By Clare Langley-Hawthorne
www.clarelangleyhawthorne.com

Just a quick post today as I have just returned from book tour for The Serpent and The Scorpion and look a little like this picture – not that my boys care. They seem happy just to have me back home (bless ’em!) I had a terrific time visiting amazing mystery bookstores (and meeting actual readers!) in LA, Houston, Seattle, Portland and of course here in the SF Bay Area. I also got to have a great time at Bouchercon in Baltimore – am I lucky or what!
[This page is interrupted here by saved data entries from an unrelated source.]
lemma cell_attached_subspace:
  fixes \<Phi> :: "(nat \<Rightarrow> real) \<Rightarrow> 'a::t2_space"
  assumes \<Phi>: "continuous_on (cdisc m) \<Phi>" and A: "closed A" "\<Phi> ` csphere m \<subseteq> A"
    and cell: "inj_on \<Phi> (cdisc m - csphere m)" "A \<inter> \<Phi> ` (cdisc m - csphere m) = {}"
  shows "cell_attached (top_of_set A) m (top_of_set (A \<union> \<Phi> ` cdisc m))"
proof -
  let ?Y = "A \<union> \<Phi> ` cdisc m"
  have quotient: "openin (top_of_set ?Y) U \<longleftrightarrow>
      openin (top_of_set A) (A \<inter> U) \<and> openin (top_of_set (cdisc m)) (cdisc m \<inter> \<Phi> -` U)"
    if "U \<subseteq> ?Y" for U
  proof
    assume U: "openin (top_of_set ?Y) U"
    then obtain T where "open T" "U = ?Y \<inter> T"
      by (auto simp: openin_open)
    then have "openin (top_of_set A) (A \<inter> U)"
      by (simp add: openin_open_Int Int_absorb1 flip: Int_assoc)
    moreover have "openin (top_of_set (cdisc m)) (cdisc m \<inter> \<Phi> -` U)"
      using continuous_openin_preimage[OF \<Phi> _ U] by blast
    ultimately show "openin (top_of_set A) (A \<inter> U) \<and> openin (top_of_set (cdisc m)) (cdisc m \<inter> \<Phi> -` U)" ..
  qed (use openin_Un_compact_image[OF compact_cdisc \<Phi> A(1) that] in blast)
  show ?thesis
    unfolding cell_attached_def
    by (intro exI[of _ \<Phi>] exI[of _ id])
      (use continuous_on_subset[OF \<Phi> csphere_subset_cdisc] \<Phi> A cell quotient
        in \<open>auto simp: continuous_map_in_subtopology\<close>)
qed

lemma cell_attached_homeomorphic_space:
  assumes "cell_attached X m Z" and "Z homeomorphic_space Z'"
  shows "cell_attached X m Z'"
proof -
  obtain g i \<Phi> where g: "continuous_map (top_of_set (csphere m)) X g"
    and i: "continuous_map X Z i" and \<Phi>: "continuous_map (top_of_set (cdisc m)) Z \<Phi>"
    and glue: "\<forall>x\<in>csphere m. \<Phi> x = i (g x)"
    and inj: "inj_on i (topspace X)" "inj_on \<Phi> (cdisc m - csphere m)"
    and disj: "i ` topspace X \<inter> \<Phi> ` (cdisc m - csphere m) = {}"
    and top: "topspace Z = i ` topspace X \<union> \<Phi> ` cdisc m"
    and quot: "\<And>U. U \<subseteq> topspace Z \<Longrightarrow> openin Z U \<longleftrightarrow> openin X (topspace X \<inter> i -` U)
                  \<and> openin (top_of_set (cdisc m)) (cdisc m \<inter> \<Phi> -` U)"
    using assms(1) unfolding cell_attached_def by metis
  obtain f where f: "homeomorphic_map Z Z' f"
    using assms(2) homeomorphic_space by blast
  have f_inj: "inj_on f (topspace Z)" and f_onto: "f ` topspace Z = topspace Z'"
    using f homeomorphic_imp_injective_map homeomorphic_imp_surjective_map by blast+
  have i_into: "i ` topspace X \<subseteq> topspace Z" and \<Phi>_into: "\<Phi> ` cdisc m \<subseteq> topspace Z"
    using top by auto
  have quot': "openin Z' U \<longleftrightarrow> openin X (topspace X \<inter> (f \<circ> i) -` U)
                  \<and> openin (top_of_set (cdisc m)) (cdisc m \<inter> (f \<circ> \<Phi>) -` U)"
    if "U \<subseteq> topspace Z'" for U
  proof -
    have "f ` (topspace Z \<inter> f -` U) = U"
      using that f_onto by fastforce
    then have "openin Z' U \<longleftrightarrow> openin Z (topspace Z \<inter> f -` U)"
      using homeomorphic_map_openness[OF f, of "topspace Z \<inter> f -` U"] by simp
    also have "\<dots> \<longleftrightarrow> openin X (topspace X \<inter> (f \<circ> i) -` U)
                  \<and> openin (top_of_set (cdisc m)) (cdisc m \<inter> (f \<circ> \<Phi>) -` U)"
    proof -
      have "topspace X \<inter> i -` (topspace Z \<inter> f -` U) = topspace X \<inter> (f \<circ> i) -` U"
        using i_into by auto
      moreover have "cdisc m \<inter> \<Phi> -` (topspace Z \<inter> f -` U) = cdisc m \<inter> (f \<circ> \<Phi>) -` U"
        using \<Phi>_into by auto
      ultimately show ?thesis
        using quot[of "topspace Z \<inter> f -` U"] by simp
    qed
    finally show ?thesis .
  qed
  have "inj_on (f \<circ> i) (topspace X)" "inj_on (f \<circ> \<Phi>) (cdisc m - csphere m)"
    using inj f_inj i_into \<Phi>_into by (auto intro!: comp_inj_on inj_on_subset[OF f_inj])
  moreover have "(f \<circ> i) ` topspace X \<inter> (f \<circ> \<Phi>) ` (cdisc m - csphere m) = {}"
  proof -
    have "\<Phi> ` (cdisc m - csphere m) \<subseteq> topspace Z"
      using \<Phi>_into by blast
    then show ?thesis
      using inj_on_image_Int[OF f_inj i_into] disj by (metis image_comp image_empty)
  qed
  moreover have "topspace Z' = (f \<circ> i) ` topspace X \<union> (f \<circ> \<Phi>) ` cdisc m"
    using f_onto top by (simp add: image_comp image_Un)
  moreover have "continuous_map X Z' (f \<circ> i)" "continuous_map (top_of_set (cdisc m)) Z' (f \<circ> \<Phi>)"
    using f i \<Phi> homeomorphic_imp_continuous_map continuous_map_compose by blast+
  ultimately show ?thesis
    unfolding cell_attached_def
    by (intro exI[of _ g] exI[of _ "f \<circ> i"] exI[of _ "f \<circ> \<Phi>"]) (use g glue quot' in auto)
qed

lemma homeomorphic_space_Inl:
  fixes X :: "'a topology"
  shows "X homeomorphic_space (pullback_topology (Inl ` topspace X) projl X :: ('a + 'b) topology)"
proof -
  let ?Z = "pullback_topology (Inl ` topspace X) projl X :: ('a + 'b) topology"
  have "continuous_map ?Z X projl"
    by (metis continuous_map_id continuous_map_pullback id_comp)
  moreover have "continuous_map X ?Z Inl"
    by (rule continuous_map_pullback') (auto simp: o_def)
  ultimately show ?thesis
    unfolding homeomorphic_space_def homeomorphic_maps_def
    by (intro exI[of _ Inl] exI[of _ projl]) (auto simp: topspace_pullback_topology)
qed

type_synonym point = "(nat \<Rightarrow> real) \<times> (nat \<Rightarrow> real)"

definition level :: "nat \<Rightarrow> nat \<Rightarrow> (nat \<Rightarrow> real) \<Rightarrow> point \<Rightarrow> real" where
  "level l m \<delta> p = (\<Sum>i=1..l. fst p i) + (\<Sum>j=1..m. \<delta> j * snd p (2*j-1) - snd p (2*j))"

lemma Neps_eq_sublevel: "Neps l m \<delta> e = {p \<in> HT l m. level l m \<delta> p \<le> e}"
  by (auto simp: Neps_def level_def)

lemma continuous_on_level [continuous_intros]: "continuous_on S (level l m \<delta>)"
  unfolding level_def by (intro continuous_intros)

lemma closed_HT: "closed (HT l m)"
proof -
  have "HT l m = (\<Inter>i\<in>-{1..l}. {p. fst p i = 0}) \<inter> (\<Inter>i\<in>{1..l}. {p. fst p i \<ge> 0})
     \<inter> (\<Inter>i\<in>-{1..2*m}. {p. snd p i = 0})
     \<inter> (\<Inter>j\<in>{1..m}. {p. snd p (2*j-1) * snd p (2*j) = 0} \<inter> {p. snd p (2*j) \<ge> 0})"
    by (auto simp: HT_def)
  also have "closed \<dots>"
    by (intro closed_Int closed_INT ballI closed_Collect_eq closed_Collect_le continuous_intros)
  finally show ?thesis .
qed

lemma closed_Neps: "closed (Neps l m \<delta> e)"
proof -
  have "Neps l m \<delta> e = HT l m \<inter> {p. level l m \<delta> p \<le> e}"
    by (auto simp: Neps_eq_sublevel)
  then show ?thesis
    by (simp add: closed_Int closed_HT closed_Collect_le continuous_on_level continuous_on_const)
qed

definition dilate :: "real \<Rightarrow> point \<Rightarrow> point" where
  "dilate c p = ((\<lambda>i. c * fst p i), (\<lambda>k. c * snd p k))"

lemma continuous_on_dilate [continuous_intros]:
  "continuous_on S f \<Longrightarrow> continuous_on S g \<Longrightarrow> continuous_on S (\<lambda>x. dilate (f x) (g x))"
  unfolding dilate_def by (intro continuous_intros continuous_on_coordinatewise_then_product)

lemma HT_dilate: "p \<in> HT l m \<Longrightarrow> 0 \<le> c \<Longrightarrow> dilate c p \<in> HT l m"
  by (auto simp: HT_def dilate_def mult.left_commute[of c])

lemma level_dilate: "level l m \<delta> (dilate c p) = c * level l m \<delta> p"
  by (simp add: level_def dilate_def sum_distrib_left algebra_simps sum.distrib sum_subtractf)

lemma contractible_Neps:
  assumes "0 \<le> e"
  shows "contractible (Neps l m \<delta> e)"
proof -
  have "homotopic_with_canon (\<lambda>x. True) (Neps l m \<delta> e) (Neps l m \<delta> e)
          id (\<lambda>_. ((\<lambda>_. 0), (\<lambda>_. 0)))"
  proof (rule homotopic_with_canonI[where h="\<lambda>z. dilate (1 - fst z) (snd z)"])
    show "(\<lambda>z. dilate (1 - fst z) (snd z)) ` ({0..1} \<times> Neps l m \<delta> e) \<subseteq> Neps l m \<delta> e"
    proof (rule image_subsetI)
      fix z assume "z \<in> {0..1::real} \<times> Neps l m \<delta> e"
      then obtain t p where z: "z = (t, p)" and t: "t \<in> {0..1}" and p: "p \<in> Neps l m \<delta> e"
        by blast
      have "(1 - t) * level l m \<delta> p \<le> max 0 (level l m \<delta> p)"
        using t by (simp add: mult_left_le_one_le mult_nonneg_nonpos max_def)
      then show "dilate (1 - fst z) (snd z) \<in> Neps l m \<delta> e"
        using assms z t p by (auto simp: Neps_eq_sublevel level_dilate intro: HT_dilate)
    qed
  qed (auto simp: dilate_def intro!: continuous_intros)
  then show ?thesis
    unfolding contractible_def by blast
qed

lemma sign_mult_self:
  assumes "\<forall>j\<in>{1..m}. \<delta> j = -1 \<or> \<delta> j = 1" and "j \<in> {1..m}"
  shows "\<delta> j * \<delta> j = (1::real)"
  using bspec[OF assms] by auto

lemma index_pair_cases:
  fixes k m :: nat
  assumes "k \<in> {1..2*m}"
  obtains j where "j \<in> {1..m}" "k = 2*j" | j where "j \<in> {1..m}" "k = 2*j-1"
proof (cases "even k")
  case True
  then obtain j where "k = 2*j" by (auto elim: evenE)
  then show ?thesis using that(1)[of j] assms by auto
next
  case False
  then obtain j where "k = 2*j+1" by (auto elim: oddE)
  then show ?thesis using that(2)[of "j+1"] assms by auto
qed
But above and beyond this I also got to read some terrific books – with flights and travel I get to indulge in my favorite past time – ‘book inhalation’.

I’ve been away nearly two weeks and have managed to ‘inhale’ the following books (all of which I loved):
* Raymond Chandler’s The Big Sleep (embarrassingly I hadn’t read this until now!)
* Charlaine Harris’ first Stookie Stackhouse – Dead until Dark
* Harlan Coben’s The Woods
* Linwood Barclay’s No Time for Goodbye
* Tana French’s In The Woods followed immediately by ‘The Likeness’ – you can see how much I loved those books int hat I read both in three days!

Not bad going I must say and my brain was thankful to finally have the time to sit back and enjoy. So I loved the book tour – spent lots of time with readers, fans, other writers and bookstore owners as well as books!